Our team has been debugging a slow query and I wanted to ask a question about why one query variant is slower than the other

(comment
  (def members
    (d/q
     '[:find [?u ...]
       :in $ ?b
       :where [?u :user/follows ?b]]
     (d/db @conn)
     board-id)))

(def query1
  '[:find ?u (count ?views)
    :in $ % [?u ...] ?b
    :where
    (or
     [?b :board/admins ?instructors]
     [?b :board/created-by ?instructors])
    [?post :post/author ?instructors]
    [?post :post/board ?b]
    [?post :post/views ?views]
    [?views :post-view/viewer ?u]
    [(!= ?u ?instructors)]])

(def query2
  '[:find ?viewer (count ?views)
    :in $ % [?u ...] ?b
    :where
    (or
     [?b :board/admins ?instructors]
     [?b :board/created-by ?instructors])
    [?post :post/author ?instructors]
    [?post :post/board ?b]
    [?post :post/views ?views]
    [?views :post-view/viewer ?viewer]
    [?viewer :user/follows ?b]
    [(!= ?viewer ?instructors)]])

(comment
  ;; Elapsed time: 6489.551387 msecs
  (time
   (d/q
    query1
    (d/db @conn)
    (yd.rules/rules)
    (take 250 members)
    board-id))
  ;; "Elapsed time: 87.187617 msecs"
  (time
   (d/q
    query2
    (d/db @conn)
    (yd.rules/rules)
    (set (take 250 members))
    board-id)))

The queries shown above are aiming to find the count of views on posts made by instructors for each user. In query1 we pass in a subset of the “members” of the board, who are just users with the :user/follows relation as shown. In query2, the input is ignored in favor of an additional binding [?viewer :user/follows ?b] which should constrain the results to produce the same output (not withstanding thetake).
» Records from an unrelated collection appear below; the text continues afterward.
lemma square_gap_bound_interval:
  "{square_gap_bound n (Suc J) - square_gap_bound n J <.. square_gap_bound n (Suc J)}
     \<subseteq> {m. 2 \<le> m} - (\<Union>k\<in>(\<lambda>i. i ^ 2) ` {1..}. {m. n k \<le> m \<and> m < n (Suc k)})"
proof
  define B where "B = square_gap_bound n J"
  have "0 < B" by (simp add: B_def square_gap_bound_pos)
  fix m assume "m \<in> {square_gap_bound n (Suc J) - square_gap_bound n J <.. square_gap_bound n (Suc J)}"
  then have m: "n ((B + 1) ^ 2) - B \<le> m" "m < n ((B + 1) ^ 2)"
    using self_le_n[of "(B + 1) ^ 2"] by (auto simp: B_def)
  have "B ^ 2 + 1 + 2 * B = (B + 1) ^ 2" by (simp add: power2_eq_square)
  then have "n (B ^ 2 + 1) + 2 * B \<le> n ((B + 1) ^ 2)"
    using strict_mono_on_add_le[OF n_mono, of "B ^ 2 + 1" "2 * B"] by simp
  then have lower: "n (Suc (B ^ 2)) \<le> m" using m by simp
  moreover have "2 \<le> m"
  proof -
    have "0 < B ^ 2" using \<open>0 < B\<close> by simp
    then show ?thesis using lower self_le_n[of "Suc (B ^ 2)"] by linarith
  qed
  moreover have "m \<notin> (\<Union>k\<in>(\<lambda>i. i ^ 2) ` {1..}. {m. n k \<le> m \<and> m < n (Suc k)})"
    using no_square_between_consecutive_squares lower m(2)
    by (intro not_in_blocks_if_gap[OF n_mono]) (auto simp: power2_eq_square)
  ultimately show "m \<in> {m. 2 \<le> m} - (\<Union>k\<in>(\<lambda>i. i ^ 2) ` {1..}. {m. n k \<le> m \<and> m < n (Suc k)})"
    by simp
qed

end

theorem proposition2p6:
  fixes n :: "nat \<Rightarrow> nat"
  assumes "strict_mono_on {1..} n"
    and "\<forall>k\<ge>1. 0 < n k"
  shows "\<exists>K \<subseteq> {1..}. infinite K \<and>
    lineable (Lset ({m. 2 \<le> m} - (\<Union>k\<in>K. {m. n k \<le> m \<and> m < n (Suc k)})))"
proof (intro exI conjI)
  let ?K = "(\<lambda>i::nat. i ^ 2) ` {1..}"
  show "?K \<subseteq> {1..}" by auto
  have "inj_on (\<lambda>i::nat. i ^ 2) {1..}" by (rule inj_onI) (erule power_eq_imp_eq_base, auto)
  then show "infinite ?K" using finite_imageD infinite_Ici by blast
  show "lineable (Lset ({m. 2 \<le> m} - (\<Union>k\<in>?K. {m. n k \<le> m \<and> m < n (Suc k)})))"
    using square_gap_bound_interval[OF assms]
    by (intro lineable_Lset_if_block_lengths[OF strict_mono_square_gap_bound[OF assms]])
       (auto simp: square_gap_bound_pos[OF assms])
qed

end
We did identify some :where clauses which can be moved around to increase the performance, but I’m a bit confused about why the version which accepts the input vector would be a factor of ~75x slower. The members collection is around 7000 eids. My guess here is that since the input is de-structured it has to be probed or scanned against each :post-view/viewer value, whereas the version in query2 is binding a set and thus can do a set whatever-the-big-o intersection operation is.
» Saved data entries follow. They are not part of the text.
lemma psi_even_level_children:
  assumes k: "even k" "2 \<le> k" and g: "inJ p q (Suc (Suc k)) g"
  shows "[\<sigma> * psi p q (Suc (Suc k)) g = psi p q (Suc k) (aL g) + psi p q (Suc k) (aR g)]
    (mod 2 ^ (k div 2))"
proof -
  let ?M = "2 ^ (k div 2) :: int" and ?P = "psi p q k" and ?a = "aL g" and ?b = "aR g"
  have "deq ?M (Delta p q (Suc k) ?a) (Phi p q (Delta p q (Suc k) ?b))"
    using g k by (simp add: inJ_Suc)
  then have compat: "[?P (aR ?a) + ?P (aR ?b) = ?P (aL ?a) + ?P (aL ?b) - (if af ?a then \<gamma> else 0)]
      (mod ?M)"
    using Delta_compat_odd_level(2)[OF k] by blast
  have "[\<sigma>\<^sup>2 * psi p q (Suc (Suc k)) g
      = 2 * left_grandchildren_psi p q k g - (if af ?a then \<gamma> else 0)] (mod 2 * ?M)"
    using psi_even_level_cong[OF k, THEN iffD1, OF cong_refl] .
  then have "[\<sigma> * (\<sigma> * psi p q (Suc (Suc k)) g)
      = 2 * left_grandchildren_psi p q k g - (if af ?a then \<gamma> else 0)] (mod 2 * ?M)"
    by (simp add: power2_eq_square mult.assoc)
  then have "[\<sigma> * (\<sigma> * psi p q (Suc (Suc k)) g)
      = 2 * left_grandchildren_psi p q k g - (if af ?a then \<gamma> else 0)] (mod ?M)"
    by (rule cong_dvd_modulus) simp
  also have "[2 * left_grandchildren_psi p q k g - (if af ?a then \<gamma> else 0)
      = (?P (aL ?a) + ?P (aR ?a)) + (?P (aL ?b) + ?P (aR ?b))] (mod ?M)"
    using cong_add[OF cong_refl[of "?P (aL ?a) + ?P (aL ?b)"] cong_sym[OF compat]]
    by (simp add: left_grandchildren_psi_def algebra_simps)
  also have "[(?P (aL ?a) + ?P (aR ?a)) + (?P (aL ?b) + ?P (aR ?b))
      = \<sigma> * (psi p q (Suc k) ?a + psi p q (Suc k) ?b)] (mod ?M)"
    unfolding distrib_left
    using cong_add[OF psi_odd_level_cong[OF k, THEN iffD1, OF cong_refl]
        psi_odd_level_cong[OF k, THEN iffD1, OF cong_refl]]
    by (rule cong_sym)
  finally show ?thesis
    using cong_mult_lcancel[OF coprime_\<sigma>] by blast
qed

lemma af_children_even_level:
  assumes k: "even k" "2 \<le> k" and h: "inJ p q (Suc (Suc k)) h"
  shows "af (aR h) = af (aL h)"
proof -
  have "deq (2 ^ (k div 2)) (Delta p q (Suc k) (aL h)) (Phi p q (Delta p q (Suc k) (aR h)))"
    using h k by (simp add: inJ_Suc)
  then show ?thesis
    using Delta_compat_odd_level(1)[OF k] by metis
qed

lemma left_grandchildren_psi_amult:
  assumes k: "even k" "2 \<le> k" and hom: "J_hom p q k"
    and g: "inJ p q (Suc (Suc k)) g" and h: "inJ p q (Suc (Suc k)) h"
  shows "[left_grandchildren_psi p q k (amult g h)
      = left_grandchildren_psi p q k g + left_grandchildren_psi p q k h
        - (if af (aL g) \<and> af (aL h) then \<gamma> else 0)] (mod 2 ^ (k div 2))"
proof -
  let ?M = "2 ^ (k div 2) :: int" and ?P = "psi p q k" and ?L = "left_grandchildren_psi p q k"
  let ?a = "aL g" and ?b = "aR g"
  let ?U = "if af g then aR h else aL h" and ?V = "if af g then aL h else aR h"
  have J1: "?a \<noteq> AE" "?b \<noteq> AE" "?U \<noteq> AE" "?V \<noteq> AE"
    and J2: "inJ p q k (aL ?a)" "inJ p q k (aL ?b)" "inJ p q k (aL ?U)" "inJ p q k (aR ?U)"
      "inJ p q k (aL ?V)" "inJ p q k (aR ?V)"
    using g h k by (simp_all add: inJ_Suc)
  note flip_ab = af_children_even_level[OF k g]
  have "deq ?M (Delta p q (Suc k) (aL h)) (Phi p q (Delta p q (Suc k) (aR h)))"
    using h k by (simp add: inJ_Suc)
  then have compat_h: "[?P (aR (aL h)) + ?P (aR (aR h)) = ?L h - (if af (aL h) then \<gamma> else 0)]
      (mod ?M)"
    using Delta_compat_odd_level(2)[OF k] by (simp add: left_grandchildren_psi_def)
  have gh: "amult g h = AN (af g \<noteq> af h) (amult ?a ?U) (amult ?b ?V)"
    using g h k by (simp add: inJ_Suc amult_not_AE)
  have "[?L (amult g h) = (?P (aL ?a) + ?P (if af ?a then aR ?U else aL ?U))
      + (?P (aL ?b) + ?P (if af ?a then aR ?V else aL ?V))] (mod ?M)"
    unfolding left_grandchildren_psi_def gh using J1 J2 flip_ab
    by (auto simp: amult_not_AE intro!: cong_add J_homD(2)[OF hom])
  also have "(?P (aL ?a) + ?P (if af ?a then aR ?U else aL ?U))
      + (?P (aL ?b) + ?P (if af ?a then aR ?V else aL ?V))
      = ?L g + (if af ?a then ?P (aR (aL h)) + ?P (aR (aR h)) else ?L h)"
    by (cases "af g"; cases "af ?a") (simp_all add: left_grandchildren_psi_def)
  also have "[?L g + (if af ?a then ?P (aR (aL h)) + ?P (aR (aR h)) else ?L h)
      = ?L g + (if af ?a then ?L h - (if af (aL h) then \<gamma> else 0) else ?L h)] (mod ?M)"
    using compat_h by (auto intro: cong_add)
  finally show ?thesis
    by (cases "af ?a"; cases "af (aL h)") (simp_all add: algebra_simps)
qed

lemma psi_amult_even_level:
  assumes k: "even k" "2 \<le> k" and hom: "J_hom p q k"
    and g: "inJ p q (Suc (Suc k)) g" and h: "inJ p q (Suc (Suc k)) h"
  shows "[psi p q (Suc (Suc k)) (amult g h) = psi p q (Suc (Suc k)) g + psi p q (Suc (Suc k)) h]
    (mod 2 * 2 ^ (k div 2))"
proof -
  let ?M = "2 ^ (k div 2) :: int" and ?L = "left_grandchildren_psi p q k"
  let ?\<psi> = "psi p q (Suc (Suc k))"
  have "g \<noteq> AE" "h \<noteq> AE" "aL g \<noteq> AE" "aL h \<noteq> AE" "aR h \<noteq> AE"
    using g h k by (simp_all add: inJ_Suc)
  then have flip_gh: "af (aL (amult g h)) = (af (aL g) \<noteq> af (aL h))"
    using af_children_even_level[OF k h] by (simp add: amult_not_AE)
  have "[\<sigma>\<^sup>2 * (?\<psi> g + ?\<psi> h)
      = (2 * ?L g - (if af (aL g) then \<gamma> else 0)) + (2 * ?L h - (if af (aL h) then \<gamma> else 0))]
      (mod 2 * ?M)"
    unfolding distrib_left
    using cong_add[OF psi_even_level_cong[OF k, THEN iffD1, OF cong_refl]
        psi_even_level_cong[OF k, THEN iffD1, OF cong_refl]] .
  also have "(2 * ?L g - (if af (aL g) then \<gamma> else 0)) + (2 * ?L h - (if af (aL h) then \<gamma> else 0))
      = 2 * (?L g + ?L h - (if af (aL g) \<and> af (aL h) then \<gamma> else 0))
        - (if af (aL g) \<noteq> af (aL h) then \<gamma> else 0)"
    by (cases "af (aL g)"; cases "af (aL h)") (simp_all add: algebra_simps)
  also have "[2 * (?L g + ?L h - (if af (aL g) \<and> af (aL h) then \<gamma> else 0))
        - (if af (aL g) \<noteq> af (aL h) then \<gamma> else 0)
      = 2 * ?L (amult g h) - (if af (aL (amult g h)) then \<gamma> else 0)] (mod 2 * ?M)"
    unfolding flip_gh
    using cong_cmult_leftI[OF left_grandchildren_psi_amult[OF k hom g h], of 2]
    by (intro cong_diff cong_refl) (rule cong_sym)
  finally show ?thesis
    using psi_even_level_cong[OF k] by blast
qed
Is there any reason passing in a large-ish collection is not recommended? Is it possible to pass in a set as a query input?

I should note that putting [?views :post-view/viewer ?u] as the first where clause did bring the query down to around 564ms for the whole input collection, but it’s still slower than the no input version by about 5x

Any suggestions?

Try putting

As ?u is passed in this will unify. Reorder to put the (or …) further down.